Tonight, I eat Chinese food, and all will be well.

Confidential to Nick, re: cellphone blogging: Cute, but only cute. The idea spelling “paroxysms” with only my right thumb is absurd on its face, and I have more powerful tools (namely all ten fingers, a keyboard and a good editor) at my immediate disposal pretty much all the time.That’s why I don’t end up with advertisments for personals sites at the tail end of my entries, just to pull a completely random example that’s unconnected to anything else out of the aether. Here’s the thing: you remember that line from Rounders? Well, if you’re trying to do something as simple as write a text file and you can’t figure out what the best tool for the job is in five minutes, that’s because you’re the tool.

A recent BoingBoing article introduced me to “mashups”, songs that are mixed together from the instrumental track of one tune and the vocal track of another, completely different tune. I went looking for more, more, MORE! and because I’m a nice guy and I love you all very much, I’m going to share them with you.

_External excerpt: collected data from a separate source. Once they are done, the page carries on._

theorem sinkhorn_iter_tendsto:
  shows "chart_target \<in> sinkhorn_chart P ` pos_on P"
    and "(\<lambda>n. sinkhorn_iter r c n A)
      \<longlonglongrightarrow> matrix_of_vec (inv_into (pos_on P) (sinkhorn_chart P) chart_target)"
proof -
  let ?L = "matrix_of_vec (inv_into (pos_on P) (sinkhorn_chart P) chart_target)"
  have limit: "l = ?L"
    if "strict_mono \<sigma>" and "((\<lambda>n. iterate (Suc n)) \<circ> \<sigma>) \<longlonglongrightarrow> l" for \<sigma> l
  proof -
    have "(\<lambda>k. iterate (Suc (\<sigma> k))) \<longlonglongrightarrow> l"
      using that(2) by (simp add: o_def)
    note lp = limit_point_iterate[OF that(1) this]
    then show ?thesis
      using inv_into_f_f[OF sinkhorn_chart_inj lp(1)] by simp
  qed
  obtain \<sigma> l where "strict_mono \<sigma>" and "((\<lambda>n. iterate (Suc n)) \<circ> \<sigma>) \<longlonglongrightarrow> l"
    using bounded_imp_convergent_subsequence[OF bounded_iterate_Suc] by blast
  then show "chart_target \<in> sinkhorn_chart P ` pos_on P"
    using limit_point_iterate[of \<sigma> l] by (force simp: o_def)
  have "(\<lambda>n. iterate (Suc n)) \<longlonglongrightarrow> ?L"
    by (rule bounded_unique_limit_point_imp_tendsto[OF bounded_iterate_Suc limit])
  then show "(\<lambda>n. sinkhorn_iter r c n A) \<longlonglongrightarrow> ?L"
    by (rule LIMSEQ_imp_Suc)
qed

end


section \<open>Smoothness of the Sinkhorn limit\<close>

definition scaling_coords ::
    "('n::finite \<times> 'm::finite) set \<Rightarrow> real \<Rightarrow>
      (real^'m^'n) \<times> (real^'n) \<times> (real^'m) \<Rightarrow> real^('n \<times> 'm)"
  where "scaling_coords P lam z = outer_sum P (fst (snd z)) (snd (snd z))
    + lam *\<^sub>R perp_proj (outer_sums P) (log_on P (vec_of_matrix (fst z)))"

definition sinkhorn_domain ::
    "('n::finite \<times> 'm::finite) set \<Rightarrow> real \<Rightarrow> ((real^'m^'n) \<times> (real^'n) \<times> (real^'m)) set"
  where "sinkhorn_domain P lam =
    {z. vec_of_matrix (fst z) \<in> pos_on P} \<inter> scaling_coords P lam -` (sinkhorn_chart P ` pos_on P)"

In addition to Gomez Soul, Get Your Green On and the not-to-be-missed Stereo Kelly, the guys responsible for those tracks have also hidden away Cheeba Mortado and My Favorite Name on their awful flash website, worthy tracks all.

Elsewhere, via Mashmix.com, I have obtained a surprising Shaggy V. The Beatles mix that defies description. And my serious guilty pleasure in all this, Jet and Christina Aguilera, which I urge you to download, no matter what you might be thinking, because it’s all kinds of fun.

Shaggy seems to be a popular victim of this process. This realaudio bit may or may not be useful, but I have in my possession a Shaggy V. RATM mix that’s absolutely world-class, and if you’ve got an inbox that can take four megabytes of the People’s Elbow, I will pass it around.

If you know about any of more of these that I should have you must provide me with linkage immediately. The power of Mike compels you! The power of Mike compels you!

Update: In fighting-for-your-right-to-party news, you need to check this out forthwith. Furthermore, if you do not shim this and this into your cranial cavities instantly, you’ll be doing yourselves a grave disservice.